The focus of the article was mainly on spacial design (or lack thereof), hardware/fastener quality, and other manufacturing-related corner cutting. As a trained engineer and someone who has owned well over twenty different motorcycles of various varieties, it is hard to argue against his points, nor do I plan to.
That said, while reading the article, I felt bad for the author – he seemed so disappointed (and he shouldn’t have been). My primary hypothesis is that his history with performance motorcycles and his expectations (albeit reasonable for any other motorcycle) clouded his initial experience. A Harley is a Harley and will always be a Harley. It is an animal all its own – separate and distinct from the rest of the motorcycle species. He was comparing apples to oranges.
Again, I am not making excuses for the brand; I concede to the author’s points. There are things Harley could do better. However, I felt genuinely bad because it seems that the author missed out on the pure joy and pride I feel in owning my Harley. I realize that some of what I am going to describe below is more fuzzy and intangible than say suspension specifications, but these are the “10 Things I Love About My Harley. I am guessing a few of the reasons I love my Harley are why others might hate them, but I am not alone in my loyalty and feelings toward the brand. Please make sure you read all the way to #10. I think this is what our J&P Cycles author missed out on.

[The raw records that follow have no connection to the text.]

(* Let $\Omega\subset B(\mathcal H)^d$ be an NC domain with exhausting sequence $\{\Omega_k\}$, and let $f:\Omega\to B(\mathcal H)^r$ be an NC function. Then: (a) for each $k$, $f(\Omega_k)$ is norm-bounded; (b) if $x_1,x_2,\dots$ is a sequence in $\Omega$ of length $l\in\mathbb N\cup\{\infty\}$ and $s:\mathcal H\to\mathcal H^{(l)}$ is a bounded invertible linear map with $s^{-1}\big(\bigoplus_n x_n\big)s\in\Omega$, then $\sup_n\|f(x_n)\|<\infty$ and $$f\Big(s^{-1}\Big(\bigoplus_n x_n\Big)s\Big)=s^{-1}\Big(\bigoplus_n f(x_n)\Big)s.$$
   Context: Throughout, $\mathcal H$ is an infinite-dimensional separable complex Hilbert space, $B(\mathcal H)$ the bounded operators with the operator norm, and $\mathcal H^{(l)}$ ($l\in\mathbb N\cup\{\infty\}$) the direct sum of $l$ copies of $\mathcal H$. $B(\mathcal H)^d$ has the norm $\|x\|=\max_i\|x^i\|$. Operations on tuples are componentwise: for bounded invertible linear $s:\mathcal H\to\mathcal H^{(l)}$ and $z\in B(\mathcal H^{(l)})^d$, $s^{-1}zs=(s^{-1}z^1s,\dots,s^{-1}z^ds)$; for a finite or countable sequence $x_1,x_2,\dots$ in $B(\mathcal H)^d$ of length $l$ (uniformly bounded when $l=\infty$), $\bigoplus_n x_n\in B(\mathcal H^{(l)})^d$ has $i$-th entry $\bigoplus_n x_n^i$; block matrices of tuples are defined entrywise per coordinate. A set is unitarily invariant if $u^*xu$ lies in it for each of its elements $x$ and each unitary $u\in B(\mathcal H)$. NC domain: $\Omega\subset B(\mathcal H)^d$ is an NC domain if there are subsets $\Omega_1,\Omega_2,\dots$ of $\Omega$ (an exhausting sequence) with (1) $\Omega_k\subset\mathrm{int}\,\Omega_{k+1}$ (norm interior) and $\Omega=\bigcup_k\Omega_k$; (2) each $\Omega_k$ norm-bounded and unitarily invariant; (3) for every sequence $x_1,x_2,\dots$ in $\Omega_k$ of length $l\in\mathbb N\cup\{\infty\}$ there is a unitary $u:\mathcal H\to\mathcal H^{(l)}$ with $u^{-1}(\bigoplus_n x_n)u\in\Omega_k$. NC function: $f:\Omega\to B(\mathcal H)^r$ on an NC domain is NC if whenever $x,y\in\Omega$ and $s:\mathcal H\to\mathcal H^{(2)}$ is bounded, linear, invertible with $s^{-1}\begin{bmatrix}x&0\\0&y\end{bmatrix}s\in\Omega$, then $f\Big(s^{-1}\begin{bmatrix}x&0\\0&y\end{bmatrix}s\Big)=s^{-1}\begin{bmatrix}f(x)&0\\0&f(y)\end{bmatrix}s$. *)

theory Defs
  imports "HOL-Analysis.Analysis" "HOL-Library.Extended_Nat"
begin

text \<open>Concrete model: the infinite-dimensional separable complex Hilbert space H is
  l2(nat); vectors of an l2 space over an index set I are functions 'i => complex
  vanishing outside I and square-summable on I.  Bounded operators are represented
  as functions on all of 'i => complex that are linear and bounded on the l2 space
  and send everything outside the l2 space to 0 (so that HOL equality is operator
  equality).\<close>

definition l2v :: "'i set \<Rightarrow> ('i \<Rightarrow> complex) set" where
  "l2v I = {x. (\<forall>i. i \<notin> I \<longrightarrow> x i = 0) \<and> (\<lambda>i. (cmod (x i))^2) summable_on I}"

definition vnorm :: "('i \<Rightarrow> complex) \<Rightarrow> real" where
  "vnorm x = sqrt (\<Sum>\<^sub>\<infinity>i. (cmod (x i))^2)"

definition bop :: "'i set \<Rightarrow> 'j set \<Rightarrow> (('i \<Rightarrow> complex) \<Rightarrow> ('j \<Rightarrow> complex)) set" where
  "bop I J = {T. (\<forall>x\<in>l2v I. T x \<in> l2v J)
     \<and> (\<forall>x\<in>l2v I. \<forall>y\<in>l2v I. \<forall>a b. T (\<lambda>i. a * x i + b * y i) = (\<lambda>j. a * T x j + b * T y j))
     \<and> (\<exists>C. \<forall>x\<in>l2v I. vnorm (T x) \<le> C * vnorm x)
     \<and> (\<forall>x. x \<notin> l2v I \<longrightarrow> T x = (\<lambda>_. 0))}"

definition oid :: "'i set \<Rightarrow> ('i \<Rightarrow> complex) \<Rightarrow> ('i \<Rightarrow> complex)" where
  "oid I = (\<lambda>x. if x \<in> l2v I then x else (\<lambda>_. 0))"

definition binvertible :: "'i set \<Rightarrow> 'j set \<Rightarrow> (('i \<Rightarrow> complex) \<Rightarrow> ('j \<Rightarrow> complex)) \<Rightarrow> bool" where
  "binvertible I J s \<longleftrightarrow> s \<in> bop I J \<and> (\<exists>t\<in>bop J I. t \<circ> s = oid I \<and> s \<circ> t = oid J)"

definition binv :: "'i set \<Rightarrow> 'j set \<Rightarrow> (('i \<Rightarrow> complex) \<Rightarrow> ('j \<Rightarrow> complex))
    \<Rightarrow> (('j \<Rightarrow> complex) \<Rightarrow> ('i \<Rightarrow> complex))" where
  "binv I J s = (SOME t. t \<in> bop J I \<and> t \<circ> s = oid I \<and> s \<circ> t = oid J)"

definition unitary_op :: "'i set \<Rightarrow> 'j set \<Rightarrow> (('i \<Rightarrow> complex) \<Rightarrow> ('j \<Rightarrow> complex)) \<Rightarrow> bool" where
  "unitary_op I J u \<longleftrightarrow> u \<in> bop I J \<and> (\<forall>x\<in>l2v I. vnorm (u x) = vnorm x) \<and> u ` l2v I = l2v J"

definition opnorm :: "'i set \<Rightarrow> (('i \<Rightarrow> complex) \<Rightarrow> ('j \<Rightarrow> complex)) \<Rightarrow> real" where
  "opnorm I T = Sup ((\<lambda>x. vnorm (T x)) ` {x \<in> l2v I. vnorm x \<le> 1})"

type_synonym vec = "nat \<Rightarrow> complex"
type_synonym hop = "vec \<Rightarrow> vec"   \<comment> \<open>elements of B(H) (when in bop UNIV UNIV)\<close>
type_synonym 'd tup = "'d \<Rightarrow> hop"  \<comment> \<open>elements of B(H)^d, d = CARD('d)\<close>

The 10 Things I Love About My Harley
1) Sound: Nothing compares. Try and try again, but you aren’t going to make any other cruiser or sport bike sound like a Harley. You can change the pipes, etc., but it ain’t happening. And when you get on a big old hog and crank that throttle, there is nothing “more motorcycle” than that.
2) Community: The Harley community is like no other. It brings together people from all walks of life – dentists to outlaws. Rally events, swap meets, etc. – they are the best.
3) History: The company’s history is incredibly long and the story is amazing. I recently visited the Harley Museum in Milwaukee (see my detailed blog post with pictures), and it was one of the coolest places I have ever been.
4) Patriotism: Harley has supported our troops during times of war – past, present and if necessary, future. I feel good supporting a brand that supports people willing to put their lives on the line for this country. They also provide police motorcycles. Few things are more American than a Harley.
5) Customization – There are a million affordable parts for Harley’s. They are easy to get and it allows you to really make your bike your own.
6) Parts Availability – Sort of an offshoot of above, but it is really easy to get historical parts for Harley’s. I restore Shovelheads mostly, but you can easily get after market parts going back to the flathead era if you want. I also appreciate the interchangeability of parts as well between bikes of different generations.
7) Longevity – Harley’s were made to be re-buildable indefinitely. Yes, you might be doing a major overhaul sooner, but you can essentially rebuild a Harley as many times as you want. This is why you see Harley’s with ridiculously high miles on Craigslist. The cost of the rebuilds is usually very manageable.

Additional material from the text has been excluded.